12 звуков, расположенных в определенной для данной пьесы последовательности, образуют так называемый «12-звуковой ряд», или «12-звуковую серию», или «основную фигуру». Этот «ряд» разбивается на несколько частей, каждая из которых оказывается новым элементом в конструктивной работе композитора. Эти части называются «строительными камнями» или «тропами». В рассматриваемом примере 12-звуковой «ряд» разделен на три «камня»; каждый из аккордов первого такта является таким «камнем».

Первому двутакту сопутствует надпись «Саntabile». Кантабильность — кантиленность, напевность, певучесть — это драгоценное свойство народной и классической музыки, выражающей эмоциональное богатство, душевное тепло мелодии — важнейшего и ведущего начала музыкального искусства. Трудно придумать более издевательское использование термина cantabile, чем то, с которыми мы сталкиваемся в первом двутакте: «напевность» шести какофонических аккордов, обрушивающихся подобно шести булыжникам!

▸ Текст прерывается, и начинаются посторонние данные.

text \<open>Passing from \<open>2\<^sup>r\<close> to \<open>2\<^sup>r\<^sup>+\<^sup>1\<close> adds the \<open>3 \<cdot> 4\<^sup>r\<close> index pairs of level r + 1,
  each contributing \<open>4\<^sup>-\<^sup>r\<close>.\<close>

lemma sum_level_max_quarter_power:
  "(\<Sum>a<2^r. \<Sum>b<2^r. (1 / 4 :: real) ^ (level (max a b) - 1)) = 1 + 3 * real r"
proof (induction r)
  case 0
  then show ?case by simp
next
  case (Suc r)
  let ?n = "2^r :: nat"
  let ?f = "\<lambda>a b. (1 / 4 :: real) ^ (level (max a b) - 1)"
  have top: "?f a b = (1 / 4) ^ r" if "a < 2 * ?n" "b < 2 * ?n" "?n \<le> max a b" for a b
    using that level_eq_Suc[of r "max a b"] by simp
  have "real ?n * real ?n * (1 / 4) ^ r = 1"
    by (simp add: power_one_over flip: power_mult_distrib)
  moreover have "(\<Sum>a<?n. \<Sum>b\<in>{?n..<2 * ?n}. ?f a b) = (\<Sum>a<?n. \<Sum>b\<in>{?n..<2 * ?n}. (1 / 4) ^ r)"
    by (intro sum.cong refl top) auto
  moreover have "(\<Sum>a\<in>{?n..<2 * ?n}. \<Sum>b<2 * ?n. ?f a b) = (\<Sum>a\<in>{?n..<2 * ?n}. \<Sum>b<2 * ?n. (1 / 4) ^ r)"
    by (intro sum.cong refl top) auto
  ultimately show ?case
    using Suc.IH sum_square_lessThan_double[of ?f ?n] by (simp add: algebra_simps)
qed

lemma sum_kappa_p_square: "(\<Sum>lp=1..(2^r)^2. (kappa_p (2^r) lp)^2) = 1 + 3 * real r"
proof -
  let ?f = "\<lambda>a b. (1 / 4 :: real) ^ (level (max a b) - 1)"
  have "(kappa_p (2^r) (Suc k))^2 = ?f (k div 2^r) (k mod 2^r)" for k
    using kappa_xy_eq[of "k mod 2^r" "k div 2^r"]
    by (simp add: kappa_p_def max.commute power2_eq_square flip: power_mult_distrib)
  then have "(\<Sum>lp=1..(2^r)^2. (kappa_p (2^r) lp)^2) = (\<Sum>k<2^r * 2^r. ?f (k div 2^r) (k mod 2^r))"
    by (simp add: sum.atLeast1_atMost_eq power2_eq_square)
  also have "\<dots> = (\<Sum>a<2^r. \<Sum>b<2^r. ?f a b)"
    by (rule sum_lessThan_mult_div_mod)
  finally show ?thesis using sum_level_max_quarter_power by simp
qed

theorem mainTheorem2:
  fixes r Nbar Np :: nat
  assumes "r \<ge> 1" and "Nbar = 2^r" and "Np = Nbar^2"
  shows "(\<forall>lx\<in>{1..Nbar}. \<forall>ly\<in>{1..Nbar}.
            local_coherence r (Nbar * (ly - 1) + lx) = kappa_p Nbar (Nbar * (ly - 1) + lx)
            \<and> kappa_p Nbar (Nbar * (ly - 1) + lx) = kappa_xy lx ly)
         \<and> (\<Sum>lp=1..Np. (kappa_p Nbar lp)^2) = 1 + 3 * log 2 (real Nbar)"
proof
  show "\<forall>lx\<in>{1..Nbar}. \<forall>ly\<in>{1..Nbar}.
      local_coherence r (Nbar * (ly - 1) + lx) = kappa_p Nbar (Nbar * (ly - 1) + lx)
      \<and> kappa_p Nbar (Nbar * (ly - 1) + lx) = kappa_xy lx ly"
  proof (intro ballI)
    fix lx ly assume "lx \<in> {1..Nbar}" "ly \<in> {1..Nbar}"
    moreover define px py where "px = lx - 1" and "py = ly - 1"
    ultimately have "px < 2^r" "py < 2^r" "lx = px + 1" "ly = py + 1"
      using assms(2) by auto
    then show "local_coherence r (Nbar * (ly - 1) + lx) = kappa_p Nbar (Nbar * (ly - 1) + lx)
        \<and> kappa_p Nbar (Nbar * (ly - 1) + lx) = kappa_xy lx ly"
      using assms(2) local_coherence_eq[of py r px] kappa_xy_eq[of px py]
      by (simp add: kappa_p_def max.commute add.assoc)
  qed
next
  show "(\<Sum>lp=1..Np. (kappa_p Nbar lp)^2) = 1 + 3 * log 2 (real Nbar)"
    using sum_kappa_p_square[of r] assms(2,3) by simp
qed

end
(* Let $(V,\eta)$ be a real vector space of dimension $n+2$, $n>1$, with a symmetric bilinear form $\eta$ of signature $(+,-,\dots,-)$, let $G=SO_0(\eta)$ and $\mathfrak g=so(\eta)$. Fix $\mathbf s,\mathbf t\in V$ with $\eta(\mathbf s,\mathbf s)=-1$, $\eta(\mathbf t,\mathbf t)=1$, $\eta(\mathbf s,\mathbf t)=0$, and put $\mathbf f:=\mathbf t-\mathbf s$. Let $\mathfrak a:=\{Y\in\mathfrak g: Y\mathbf s=0\}$, $\mathfrak c:=\mathrm{span}\{\Lambda_{x\mathbf f}: x\in\mathbf s^\perp\}$, $A:=\{g\in G: g\mathbf s=\pm\mathbf s\}$, and let $\mathfrak a^0\subset\mathfrak g^*$ be the annihilator of $\mathfrak a$. Let $\{\cdot,\cdot\}$ be the Poisson bracket on $\mathfrak a^0\times A$ described in the context (the one dual to the Lie algebroid with sections $X_p^L$, $p\in\mathfrak c$). For $\varphi,\psi\in\mathfrak a^0$ define functions on $\mathfrak a^0\times A$ by $\tilde k_\varphi(\chi,a):=\tilde k(\varphi,\chi)$ and $\tilde k_{\varphi\psi}(\chi,a):=\tilde k(\varphi,\mathrm{ad}^\#(a)\psi)$, and put $\theta:=k(\Lambda_{\mathbf t\mathbf s})\in\mathfrak a^0$. Then for all $\varphi,\psi,\lambda,\mu\in\mathfrak a^0$: $$\{\tilde k_\varphi,\tilde k_\psi\}=\tilde k(\theta,\varphi)\tilde k_\psi-\tilde k(\theta,\psi)\tilde k_\varphi,$$ $$\{\tilde k_\lambda,\tilde k_{\varphi\psi}\}=\tilde k_{\lambda\psi}\big(\tilde k_{\varphi\theta}-\tilde k(\theta,\varphi)\big)+\tilde k(\lambda,\varphi)\big(\tilde k_{\theta\psi}-\tilde k(\theta,\psi)\big),$$ $$\{\tilde k_{\varphi\lambda},\tilde k_{\psi\mu}\}=0,$$ where the scalars $\tilde k(\theta,\varphi)$ etc. denote constant functions.
   Context: For $x,y\in V$, $\Lambda_{xy}\in so(\eta)$ is the operator $\Lambda_{xy}(z)=\eta(y,z)x-\eta(x,z)y$; $so(\eta)$ is spanned by these. $k$ is the nondegenerate bilinear form on $\mathfrak g$ with $k(\Lambda_{xy},\Lambda_{zt})=\eta(x,t)\eta(y,z)-\eta(x,z)\eta(y,t)$; also $k$ denotes the induced isomorphism $\mathfrak g\to\mathfrak g^*$, $\langle k(X),Y\rangle=k(X,Y)$, and $\tilde k(\varphi,\psi):=k(k^{-1}\varphi,k^{-1}\psi)$ on $\mathfrak g^*$. $\mathrm{ad}(g)X=gXg^{-1}$ and $\mathrm{ad}^\#(g)=\mathrm{ad}(g^{-1})^*$ (coadjoint action), so $\mathrm{ad}^\#(g)k(X)=k(\mathrm{ad}(g)X)$. One has $\mathfrak g=\mathfrak c\oplus\mathfrak a$ (direct sum of vector spaces); $P_{\mathfrak a}$ denotes the projection onto $\mathfrak a$ along $\mathfrak c$. For $p\in\mathfrak c$ define the function $\widetilde{X^L_p}(\varphi,a):=\langle\varphi,\mathrm{ad}(a)p\rangle$ on $\mathfrak a^0\times A$ and the vector field $\Pi^L(X^L_p)$ on $A$ by $\Pi^L(X^L_p)(a):=\frac{d}{dt}\big|_{t=0}\exp\big(tP_{\mathfrak a}(\mathrm{ad}(a)p)\big)a$. The Poisson bracket $\{\cdot,\cdot\}$ on $\mathfrak a^0\times A$ (which is $(TA)^0\subset T^*G$ identified via right translations) is the one satisfying, for $p,q\in\mathfrak c$ and smooth $f_1,f_2$ on $A$, with $\pi:\mathfrak a^0\times A\to A$ the projection: $\{\widetilde{X^L_p},\widetilde{X^L_q}\}=\widetilde{X^L_{[p,q]}}$, $\{\widetilde{X^L_p},\pi^*f_1\}=\pi^*(\Pi^L(X^L_p)f_1)$, $\{\pi^*f_1,\pi^*f_2\}=0$ (this is the linear Poisson structure dual to the Lie algebroid of the groupoid $AC\cap CA\rightrightarrows A$, $C$ being the connected subgroup with Lie algebra $\mathfrak c$). *)

theory Defs
  imports "HOL-Analysis.Analysis"
begin

type_synonym 'n mat = "real^'n^'n"
type_synonym 'n dual = "'n mat \<Rightarrow> real"
type_synonym 'n pt = "'n dual \<times> 'n mat"

definition lorentz_form :: "(real^'n::finite \<Rightarrow> real^'n \<Rightarrow> real) \<Rightarrow> bool" where
  "lorentz_form eta \<longleftrightarrow> bilinear eta \<and> (\<forall>x y. eta x y = eta y x) \<and>
     (\<exists>(b :: 'n \<Rightarrow> real^'n) i0. \<forall>i j. eta (b i) (b j) =
        (if i = j then (if i = i0 then 1 else -1) else 0))"

definition Lam :: "(real^'n::finite \<Rightarrow> real^'n \<Rightarrow> real) \<Rightarrow> real^'n \<Rightarrow> real^'n \<Rightarrow> 'n mat" where
  "Lam eta x y = matrix (\<lambda>z. eta y z *\<^sub>R x - eta x z *\<^sub>R y)"

definition so_alg :: "(real^'n::finite \<Rightarrow> real^'n \<Rightarrow> real) \<Rightarrow> 'n mat set" where
  "so_alg eta = {X. \<forall>x y. eta (X *v x) y + eta x (X *v y) = 0}"

definition O_grp :: "(real^'n::finite \<Rightarrow> real^'n \<Rightarrow> real) \<Rightarrow> 'n mat set" where
  "O_grp eta = {g. \<forall>x y. eta (g *v x) (g *v y) = eta x y}"

definition SO0 :: "(real^'n::finite \<Rightarrow> real^'n \<Rightarrow> real) \<Rightarrow> 'n mat set" where
  "SO0 eta = connected_component_set (O_grp eta) (mat 1)"

definition lie_br :: "('n::finite) mat \<Rightarrow> 'n mat \<Rightarrow> 'n mat" where
  "lie_br X Y = X ** Y - Y ** X"

definition ad :: "('n::finite) mat \<Rightarrow> 'n mat \<Rightarrow> 'n mat" where
  "ad g X = g ** X ** matrix_inv g"

definition mpow :: "('n::finite) mat \<Rightarrow> nat \<Rightarrow> 'n mat" where
  "mpow X m = (((**) X) ^^ m) (mat 1)"

definition mexp :: "('n::finite) mat \<Rightarrow> 'n mat" where
  "mexp X = (\<Sum>m. (1 / fact m) *\<^sub>R mpow X m)"

definition kform :: "(real^'n::finite \<Rightarrow> real^'n \<Rightarrow> real) \<Rightarrow> 'n mat \<Rightarrow> 'n mat \<Rightarrow> real" where
  "kform eta = (SOME B. bilinear B \<and> (\<forall>x y z t.
      B (Lam eta x y) (Lam eta z t) = eta x t * eta y z - eta x z * eta y t))"

text \<open>g^* : linear functionals on g, encoded canonically as functions vanishing off g.\<close>
definition gdual :: "(real^'n::finite \<Rightarrow> real^'n \<Rightarrow> real) \<Rightarrow> 'n dual set" where
  "gdual eta = {phi. (\<forall>X\<in>so_alg eta. \<forall>Y\<in>so_alg eta. phi (X + Y) = phi X + phi Y) \<and>
      (\<forall>c. \<forall>X\<in>so_alg eta. phi (c *\<^sub>R X) = c * phi X) \<and>
      (\<forall>X. X \<notin> so_alg eta \<longrightarrow> phi X = 0)}"

definition kdual :: "(real^'n::finite \<Rightarrow> real^'n \<Rightarrow> real) \<Rightarrow> 'n mat \<Rightarrow> 'n dual" where
  "kdual eta X = (\<lambda>Y. if Y \<in> so_alg eta then kform eta X Y else 0)"

definition kinv :: "(real^'n::finite \<Rightarrow> real^'n \<Rightarrow> real) \<Rightarrow> 'n dual \<Rightarrow> 'n mat" where
  "kinv eta phi = (THE X. X \<in> so_alg eta \<and> kdual eta X = phi)"
(* Let $(\mathcal G,\lambda)$ be a small morphism-colored groupoid satisfying the inverse-compatibility condition. If $g,f_1,f_2\in\mathrm{Mor}(\mathcal G)$, with $(f_1,f_2)$ composable, satisfy $(s_1\circ\lambda_1)(g)=(s_1\circ\lambda_1)(f_1\circ f_2)$, then there exist composable $g_1,g_2\in\mathrm{Mor}(\mathcal G)$ with $g=g_1\circ g_2$, $(s_1\circ\lambda_1)(g_1)=(s_1\circ\lambda_1)(f_1)$ and $(s_1\circ\lambda_1)(g_2)=(s_1\circ\lambda_1)(f_2)$. In other words, $(\mathcal G,s_1\circ\lambda_1)$ is a morphism-colored category.
   Context: A morphism-colored category is a pair $(\mathcal C,\lambda)$ where $\mathcal C$ is a category and $\lambda$ assigns to each morphism $f$ a color $\lambda(f)$, such that: whenever $g,f_1,f_2$ with $(f_1,f_2)$ composable satisfy $\lambda(g)=\lambda(f_1\circ f_2)$, there exist composable $g_1,g_2$ with $g=g_1\circ g_2$, $\lambda(g_1)=\lambda(f_1)$, $\lambda(g_2)=\lambda(f_2)$. It is a morphism-colored groupoid if $\mathcal C$ is a groupoid, and small if $\mathcal C$ is small and $\lambda$ is a map into a set. Inverse-compatibility: $\lambda(f)=\lambda(g)$ implies $\lambda(f^{-1})=\lambda(g^{-1})$. $I_1=\lambda(\mathrm{Mor}(\mathcal G))$, $\lambda_1:\mathrm{Mor}(\mathcal G)\to I_1$ the corestriction of $\lambda$. The equivalence relation $\overset{1}{\sim}$ on $I_1$: $\lambda(f_1\circ\cdots\circ f_l)\overset{1}{\sim}\lambda(g_1\circ\cdots\circ g_l)$ for every $l\ge1$ and all composable sequences $(f_1,\dots,f_l)$, $(g_1,\dots,g_l)$ with $\lambda(f_i)=\lambda(g_i)$ for all $i$ (no other pairs). $s_1:I_1\to\bar I_1$ is the quotient map onto the set $\bar I_1$ of equivalence classes. *)

theory Defs
  imports Main
begin

text \<open>A small category, given explicitly by its set of objects, set of morphisms,
  domain, codomain, composition and identities.  comp f g is f after g, defined
  (composable) when dom f = cod g.\<close>

record ('o, 'm) cat =
  Ob :: "'o set"
  Mor :: "'m set"
  dom :: "'m \<Rightarrow> 'o"
  cod :: "'m \<Rightarrow> 'o"
  comp :: "'m \<Rightarrow> 'm \<Rightarrow> 'm"
  ident :: "'o \<Rightarrow> 'm"
lemma orbit_graph_va_le_opposite:
  assumes "lam < 0" "a > 0" "w0 \<noteq> 0" "w1 \<noteq> 0"
    and "(s + c / a) / w0 \<le> 0" "0 \<le> (s + c / a) / w1"
  shows "orbit_graph lam a c w1 (va a c) s \<le> orbit_graph lam a c w0 (va a c) s"
proof -
  define X where "X w = lam * (s + c / a) / w" for w
  have graph: "orbit_graph lam a c w (va a c) s = a * w\<^sup>2 / lam\<^sup>2 * (exp (X w) - X w - 1)"
    if "w \<noteq> 0" for w
    using that assms(1,2) by (simp add: orbit_graph_va X_def)
  have parabola: "a * w\<^sup>2 / lam\<^sup>2 * ((X w)\<^sup>2 / 2) = a * (s + c / a)\<^sup>2 / 2" if "w \<noteq> 0" for w
    using that assms(1) by (simp add: X_def field_simps power2_eq_square)
  have "X w1 \<le> 0" "0 \<le> X w0"
    using mult_nonpos_nonneg[of lam "(s + c / a) / w1"]
      mult_nonpos_nonpos[of lam "(s + c / a) / w0"] assms(1,5,6) by (simp_all add: X_def)
  then have "exp (X w1) - X w1 - 1 \<le> (X w1)\<^sup>2 / 2" "(X w0)\<^sup>2 / 2 \<le> exp (X w0) - X w0 - 1"
    using exp_upper_Taylor_quadratic_nonpos exp_lower_Taylor_quadratic by (smt (verit))+
  moreover have "0 \<le> a * w\<^sup>2 / lam\<^sup>2" for w
    using assms(2) by simp
  ultimately have "orbit_graph lam a c w1 (va a c) s \<le> a * (s + c / a)\<^sup>2 / 2"
            "a * (s + c / a)\<^sup>2 / 2 \<le> orbit_graph lam a c w0 (va a c) s"
    using assms(3,4) graph parabola by (metis mult_left_mono)+
  then show ?thesis by linarith
qed

lemma Cplus_iff:
  assumes "a > 0" "wm \<noteq> 0" "wp \<noteq> 0"
  shows "v \<in> Cplus lam a c wm wp \<longleftrightarrow>
    (\<exists>w0\<in>{wm, wp}. 0 \<le> (fst v + c / a) / w0 \<and> orbit_graph lam a c w0 (va a c) (fst v) < snd v)"
proof -
  have arc: "fst v = fst (flow lam a c w0 tau (va a c)) \<longleftrightarrow> tau = (fst v + c / a) / w0"
    if "w0 \<noteq> 0" for w0 tau
    using that assms(1) by (auto simp: va_def field_simps)
  have "snd (flow lam a c w0 ((fst v + c / a) / w0) (va a c))
          = orbit_graph lam a c w0 (va a c) (fst v)" for w0
    by (simp add: orbit_graph_def va_def)
  then show ?thesis
    using arc assms(2,3) by (cases v) (auto simp: Cplus_def)
qed

lemma above_orbit_graph_flow_backward:
  assumes "lam < 0" "w0 \<noteq> 0" "0 \<le> w0 * (w0 - w)" "\<And>x. 0 \<le> orbit_graph lam a c w0 p x"
    and "tau \<le> 0" "orbit_graph lam a c w0 p (fst v) < snd v"
  shows "orbit_graph lam a c w0 p (fst (flow lam a c w tau v)) < snd (flow lam a c w tau v)"
proof -
  let ?g = "orbit_graph lam a c w0 p"
  let ?S = "\<lambda>x. snd (flow lam a c w x v)"
  define \<psi> where "\<psi> x = (?S x - ?g (fst v + x * w)) * exp (- lam * x)" for x
  have lam: "lam \<noteq> 0" using assms(1) by simp
  have "(\<psi> has_real_derivative
          lam * ?g (fst v + x * w) * ((w0 - w) / w0) * exp (- lam * x)) (at x)" for x
  proof -
    have "((\<lambda>x. ?g (fst v + x * w)) has_real_derivative
            (lam * ?g (fst v + x * w) + w0 * (c + a * (fst v + x * w))) / w0 * w) (at x)"
      by (rule DERIV_chain2[OF orbit_graph_has_real_derivative[OF lam assms(2)]])
        (auto intro!: derivative_eq_intros)
    moreover have "((\<lambda>x. exp (- lam * x)) has_real_derivative exp (- lam * x) * (- lam)) (at x)"
      by (auto intro!: derivative_eq_intros)
    ultimately have "(\<psi> has_real_derivative
        (lam * ?S x + w * (c + a * fst (flow lam a c w x v))
          - (lam * ?g (fst v + x * w) + w0 * (c + a * (fst v + x * w))) / w0 * w) * exp (- lam * x)
        + exp (- lam * x) * (- lam) * (?S x - ?g (fst v + x * w))) (at x)"
      unfolding \<psi>_def by (intro DERIV_mult DERIV_diff snd_flow_has_real_derivative[OF lam])
    then show ?thesis
      by (rule DERIV_cong) (use assms(2) in \<open>simp add: field_simps\<close>)
  qed
  moreover have "lam * ?g (fst v + x * w) * ((w0 - w) / w0) * exp (- lam * x) \<le> 0" for x
  proof -
    have "0 \<le> (w0 - w) / w0"
      using assms(2,3) by (cases "w0 > 0") (auto simp: zero_le_mult_iff divide_nonneg_pos
          divide_nonpos_neg)
    then show ?thesis
      using assms(1) assms(4)[of "fst v + x * w"] by (intro mult_nonpos_nonneg) simp_all
  qed
  ultimately have "\<psi> 0 \<le> \<psi> tau"
    by (intro DERIV_nonpos_imp_nonincreasing[OF assms(5)]) blast
  then have "0 < (?S tau - ?g (fst v + tau * w)) * exp (- lam * tau)"
    using assms(6) by (simp add: \<psi>_def)
  then show ?thesis
    by (simp add: zero_less_mult_iff)
qed

lemma Cplus_flow_backward:
  assumes "lam < 0" "a > 0" "wm < 0" "0 < wp"
    and "w \<in> {wm..wp}" "v \<in> Cplus lam a c wm wp" "tau \<le> 0"
  shows "flow lam a c w tau v \<in> Cplus lam a c wm wp"
proof -
  have nz: "wm \<noteq> 0" "wp \<noteq> 0" "lam \<noteq> 0" using assms(1,3,4) by auto
  define v' where "v' = flow lam a c w tau v"
  obtain w0 where w0: "w0 \<in> {wm, wp}" and "orbit_graph lam a c w0 (va a c) (fst v) < snd v"
    using assms(6) unfolding Cplus_iff[OF assms(2) nz(1,2)] by blast
  moreover have w0_nz: "w0 \<noteq> 0" and "0 \<le> w0 * (w0 - w)"
    using w0 assms(3-5) by (auto simp: mult_nonpos_nonpos)
  ultimately have above: "orbit_graph lam a c w0 (va a c) (fst v') < snd v'"
    unfolding v'_def using orbit_graph_va_nonneg[OF nz(3) assms(2)]
    by (intro above_orbit_graph_flow_backward[OF assms(1)] assms(7)) auto
  have "\<exists>w1\<in>{wm, wp}. 0 \<le> (fst v' + c / a) / w1
          \<and> orbit_graph lam a c w1 (va a c) (fst v') \<le> orbit_graph lam a c w0 (va a c) (fst v')"
  proof (cases "0 \<le> (fst v' + c / a) / w0")
    case True
    then show ?thesis using w0 by blast
  next
    case False
    define w1 where "w1 = (if w0 = wm then wp else wm)"
    have w1: "w1 \<in> {wm, wp}" "w1 \<noteq> 0" "0 \<le> (fst v' + c / a) / w1"
      using False w0 assms(3,4) by (auto simp: w1_def zero_le_divide_iff)
    then have "orbit_graph lam a c w1 (va a c) (fst v') \<le> orbit_graph lam a c w0 (va a c) (fst v')"
      using False w0_nz by (intro orbit_graph_va_le_opposite[OF assms(1,2)]) auto
    with w1 show ?thesis by blast
  qed
  then show ?thesis
    using above unfolding v'_def Cplus_iff[OF assms(2) nz(1,2)] by fastforce
qed

lemma exp_exceeds_affine:
  fixes A B C gam m :: real
  assumes "0 < C" "0 < gam"
  shows "\<exists>x\<ge>m. A + B * x \<le> C * exp (gam * x)"
proof -
  define x where "x = max m (max 1 (2 * (\<bar>A\<bar> + \<bar>B\<bar>) / (C * gam\<^sup>2)))"
  have x: "m \<le> x" "1 \<le> x" "2 * (\<bar>A\<bar> + \<bar>B\<bar>) / (C * gam\<^sup>2) \<le> x"
    by (auto simp: x_def)
  from x(3) have x3: "2 * (\<bar>A\<bar> + \<bar>B\<bar>) \<le> C * gam\<^sup>2 * x"
    using assms by (simp add: pos_divide_le_eq mult.commute)
  have "B * x \<le> \<bar>B\<bar> * x" "\<bar>A\<bar> \<le> \<bar>A\<bar> * x"
    using x(2) by (simp_all add: mult_right_mono mult_le_cancel_left1)
  then have "A + B * x \<le> (\<bar>A\<bar> + \<bar>B\<bar>) * x"
    by (simp add: distrib_right)
  also have "\<dots> \<le> C * (gam * x)\<^sup>2 / 2"
    using mult_right_mono[OF x3, of x] x(2) by (simp add: power2_eq_square algebra_simps)
  also have "\<dots> \<le> C * exp (gam * x)"
  proof -
    have "0 \<le> gam * x" using assms(2) x(2) by simp
    then have "(gam * x)\<^sup>2 / 2 \<le> exp (gam * x)"
      using exp_lower_Taylor_quadratic[of "gam * x"] by linarith
    then show ?thesis using assms(1) by simp
  qed
  finally show ?thesis using x(1) by blast
qed

lemma exp_dominates_affine:
  fixes f :: "real \<Rightarrow> real"
  assumes "0 < gam" "0 < S * K"
    and "\<And>x. m \<le> x \<Longrightarrow> \<bar>f x - (K * exp (gam * x) + \<alpha> + \<beta> * x)\<bar> \<le> R"
  shows "\<exists>x\<ge>m. 0 \<le> S * f x"
proof -
  have "0 < \<bar>K\<bar>" using assms(2) by auto
  then obtain x where x: "max m 0 \<le> x" "\<bar>\<alpha>\<bar> + R + \<bar>\<beta>\<bar> * x \<le> \<bar>K\<bar> * exp (gam * x)"
    using exp_exceeds_affine[OF _ assms(1)] by blast
  have "\<bar>\<alpha> + \<beta> * x\<bar> \<le> \<bar>\<alpha>\<bar> + \<bar>\<beta>\<bar> * x"
    using x(1) abs_triangle_ineq[of \<alpha> "\<beta> * x"] by (simp add: abs_mult)
  then have "\<bar>f x - K * exp (gam * x)\<bar> \<le> \<bar>K\<bar> * exp (gam * x)"
    using assms(3)[of x] x by linarith
  then have "\<bar>K\<bar> * \<bar>f x - K * exp (gam * x)\<bar> \<le> \<bar>K\<bar> * (\<bar>K\<bar> * exp (gam * x))"
    by (rule mult_left_mono) simp
  also have "\<dots> = K\<^sup>2 * exp (gam * x)"
    by (subst mult.assoc[symmetric]) (simp add: power2_eq_square)
  finally have "\<bar>K * (f x - K * exp (gam * x))\<bar> \<le> K\<^sup>2 * exp (gam * x)"
    by (simp add: abs_mult)
  moreover have "K * f x = K * (f x - K * exp (gam * x)) + K\<^sup>2 * exp (gam * x)"
    by (simp add: power2_eq_square algebra_simps)
  ultimately have "0 \<le> K * f x"
    by linarith
  then have "0 \<le> K\<^sup>2 * (S * f x)"
    using assms(2) mult_nonneg_nonneg[of "S * K" "K * f x"] by (simp add: power2_eq_square ac_simps)
  then show ?thesis
    using assms(2) x(1) by (auto simp: zero_le_mult_iff)
qed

Формалистическое обессмысливание кантабильности тесно связано у атоналистов с формалистическим обессмысливанием мелодии, с умерщвлением мелодии, выражающимся в хаотическом сопоставлении звуковых точек. Особенно тщательно атоналисты следят за тем, чтобы в линеарное движение не «просочились» терцовые интонации, напоминающие классическую мелодию и классические аккорды терцового строения1. Наиболее характерными «строительными» материалами линеарного движения являются у атоналистов диссонирующие интервальные комбинации, образцы которых даны в 3—5 тактах разбираемой пьесы.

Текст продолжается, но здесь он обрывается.